Perhaps the most common responses to this question are located somewhere on the spectrum between worldly empowerment – the ability to help yourself and others with results magic; or an often vaguely defined sense of “spiritual enlightenment”. The latter pose often affects a sneery, superior disdain towards the presumed crass materialism of the former, but more often than not, it’s the white light self-proclaimed adept mob that will seek to leverage their enlightened status at the first opportunity and set themselves up as a half-baked cult leader with a bevy of impressionable, exploitable followers. While the sorcerer providing workable strategies for helping those within their orbit to navigate worldly survival needs is doing more tangible good and operating with less raging ego and inflated self-importance.

Mad Tom’s raison d’etre for magic comfortably occupies neither of these easy narratives. Not purely about sorcery, although encompassing it. Less about any spiritual enlightenment or upwardly mobile sense of ascendance, and more a strategy of readjustment to a prior and freer way of being that has become compromised by a process of immersion in the hostile worldly conditions we’re subject to.

Much of what Tom a Bedlam has to say on this subject seems inspired by the ideas of Wilhelm Reich, and specifically the notion of character armor. Composed of muscular tension in the body, Reich describes this as a form of armoring against the rigors of the world that is accrued through the course of our upbringing, socialization and ongoing struggles in a day-to-day environment that does not support our healthy physical and emotional well-being. Reichian therapy will attempt to work on this muscular armoring directly to restore us to the original energetic pulsation of our natural state without this self-imposed and socially constructed defensive rigidity that limits and diminishes the full expression of our being.

 

“So tough and rigid and frozen that you can’t even move out of the space you’ve been given,” Tom a Bedlam says to Dane during a crisis point of his initiation on the banks of the Thames. “Your head’s like mine – like all our heads – big enough to contain every god and devil there ever was. Big enough to hold the weight of oceans and turning stars. Whole universes fit in there! But what do we choose to keep in this miraculous cabinet? Little broken things. Sad trinkets that we play with over and over. The world turns our key and we play the same little tune again and again, and we think that tune is all we are.”

 

Suggested here is a reasoning for magic that’s about undoing various forms of hypnosis – both societal and those created by the internal narratives we put in place ourselves – in order to more clearly experience the mysteries of nature within which we’re embedded, as well as to throw off the artificial fetters that have clamped down and restricted the full expression of our being. Sorcery is then a set of tools for better facilitating this process and working upon resistant obstacles stacked against our capacity to move out of the limited space we’ve been given.
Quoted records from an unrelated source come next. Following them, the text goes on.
(* Fix $\theta$ and $Q\in\{0,1\}$. The function $\tau\mapsto u(s_1(\theta,\tau))$ has a discontinuity in $(-x_u,x_q)$ if and only if $\phi(\theta)<\beta$. The function $\tau\mapsto u(s_2(\theta,\tau))$ has a discontinuity in $(-x_u,x_q)$ for every $\theta$.
   Context: Setup. Let $Q\in\{0,1\}$ be a random variable with $\mathbb P(Q=1)=\pi\in(0,1)$, and let $(\Theta,\Gamma)$ be a real-valued random vector whose conditional joint density given $Q=1$ is $h_q$ and given $Q=0$ is $h_u$, both strictly positive on $\mathbb R^2$. Monotone likelihood ratio assumption: $l(\theta,\gamma)=h_q(\theta,\gamma)/h_u(\theta,\gamma)$ is continuous and strictly increasing in each of $\theta$ and $\gamma$, and for each $\theta$ the map $\gamma\mapsto l(\theta,\gamma)$ has infimum $0$ and supremum $+\infty$. Fix payoffs $x_q>0$, $x_u>0$. For $\tau\in(-x_u,x_q)$ let $A(\tau)=\mathbb 1\{l(\Theta,\Gamma)>\frac{(1-\pi)(x_u+\tau)}{\pi(x_q-\tau)}\}$, $s_1(\theta,\tau)=\mathbb E[Q\mid\Theta=\theta,A(\tau)=1]$, $s_2(\theta,\tau)=\mathbb E[A(\tau)\mid\Theta=\theta]$, $\phi(\theta)=\mathbb P(Q=1\mid\Theta=\theta)$. Regret. Fix a cutoff $c\in(-x_u,x_q)$ and let $\beta=(x_u+c)/(x_q+x_u)\in(0,1)$. For a score value $s\in[0,1]$ and a qualification value $Q\in\{0,1\}$ define $\mathcal N(s)=sx_q-(1-s)x_u$, $A'(s)=\mathbb 1\{\mathcal N(s)>c\}$ (i.e. $s>\beta$), $\mathcal P(s)=A'(s)(Qx_q-(1-Q)x_u)$, and the individual regret $u(s)=\mathcal N(s)-\mathcal P(s)$. For a fixed applicant $(\theta,Q)$, $u(s_k(\theta,\tau))$ is viewed as a function of $\tau\in(-x_u,x_q)$. *)

theory Defs
  imports "HOL-Analysis.Analysis"
begin

definition lr :: "(real \<times> real \<Rightarrow> real) \<Rightarrow> (real \<times> real \<Rightarrow> real) \<Rightarrow> real \<times> real \<Rightarrow> real" where
  "lr hq hu p = hq p / hu p"

text \<open>Acceptance threshold on the likelihood ratio for the policy A(tau).\<close>
definition thr :: "real \<Rightarrow> real \<Rightarrow> real \<Rightarrow> real \<Rightarrow> real" where
  "thr pq xq xu t = (1 - pq) * (xu + t) / (pq * (xq - t))"

definition acc_mass :: "(real \<times> real \<Rightarrow> real) \<Rightarrow> (real \<times> real \<Rightarrow> real) \<Rightarrow> real \<Rightarrow> real \<Rightarrow> real" where
  "acc_mass h l k theta = (\<integral>g. indicator {g. l (theta, g) > k} g * h (theta, g) \<partial>lborel)"

definition marg :: "(real \<times> real \<Rightarrow> real) \<Rightarrow> real \<Rightarrow> real" where
  "marg h theta = (\<integral>g. h (theta, g) \<partial>lborel)"

text \<open>phi(theta) = P(Q = 1 | Theta = theta), by Bayes' rule.\<close>
definition phi :: "real \<Rightarrow> (real \<times> real \<Rightarrow> real) \<Rightarrow> (real \<times> real \<Rightarrow> real) \<Rightarrow> real \<Rightarrow> real" where
  "phi pq hq hu theta = pq * marg hq theta / (pq * marg hq theta + (1 - pq) * marg hu theta)"

text \<open>s_1(theta,tau) = E[Q | Theta = theta, A(tau) = 1].\<close>
definition s1 :: "real \<Rightarrow> (real \<times> real \<Rightarrow> real) \<Rightarrow> (real \<times> real \<Rightarrow> real) \<Rightarrow> real \<Rightarrow> real \<Rightarrow> real \<Rightarrow> real \<Rightarrow> real" where
  "s1 pq hq hu xq xu theta t =
     (let k = thr pq xq xu t;
          a = pq * acc_mass hq (lr hq hu) k theta;
          b = (1 - pq) * acc_mass hu (lr hq hu) k theta
      in a / (a + b))"

text \<open>s_2(theta,tau) = E[A(tau) | Theta = theta].\<close>
definition s2 :: "real \<Rightarrow> (real \<times> real \<Rightarrow> real) \<Rightarrow> (real \<times> real \<Rightarrow> real) \<Rightarrow> real \<Rightarrow> real \<Rightarrow> real \<Rightarrow> real \<Rightarrow> real" where
  "s2 pq hq hu xq xu theta t =
     (let k = thr pq xq xu t;
          a = pq * acc_mass hq (lr hq hu) k theta;
          b = (1 - pq) * acc_mass hu (lr hq hu) k theta
      in (a + b) / (pq * marg hq theta + (1 - pq) * marg hu theta))"

definition beta :: "real \<Rightarrow> real \<Rightarrow> real \<Rightarrow> real" where
  "beta xq xu c = (xu + c) / (xq + xu)"

definition netv :: "real \<Rightarrow> real \<Rightarrow> real \<Rightarrow> real" where
  "netv xq xu s = s * xq - (1 - s) * xu"

definition accept' :: "real \<Rightarrow> real \<Rightarrow> real \<Rightarrow> real \<Rightarrow> real" where
  "accept' xq xu c s = (if netv xq xu s > c then 1 else 0)"

definition payoff :: "real \<Rightarrow> real \<Rightarrow> real \<Rightarrow> real \<Rightarrow> real \<Rightarrow> real" where
  "payoff xq xu c Q s = accept' xq xu c s * (Q * xq - (1 - Q) * xu)"

definition regret :: "real \<Rightarrow> real \<Rightarrow> real \<Rightarrow> real \<Rightarrow> real \<Rightarrow> real" where
  "regret xq xu c Q s = netv xq xu s - payoff xq xu c Q s"

end

theory Submission
  imports Defs
begin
Magic as disobedience, in the sense that it empowers a capacity for changing the scripts allotted to us, either by societal expectation or within the minutia of any given moment. Magic envisioned as a process for reconfiguring how we relate to space and environment, as well as our own embodied existence as animals within nature subject to its seasons and fluctuations. The language of magic providing leverage upon otherwise elusive territories of experience and permitting accessible, reciprocal dialogue with the fundamental conditions of nature we are intimately embedded within. Modes of experience purposefully undermined and edited out to shape societal structures that benefit robber barons and profiteers. Mocked, obfuscated and sidelined with increasing sophistication but never quite fully erased. The pulse of life as it reverberates bodily, in our bones and in the trees, through our blood and tears as in the rivers and the seas. “Try to remember”, as the extra-terrestrial satellite intelligence taking on the form of a blinking traffic light said to the pilled-up joyriding teenager in the forgotten tube station.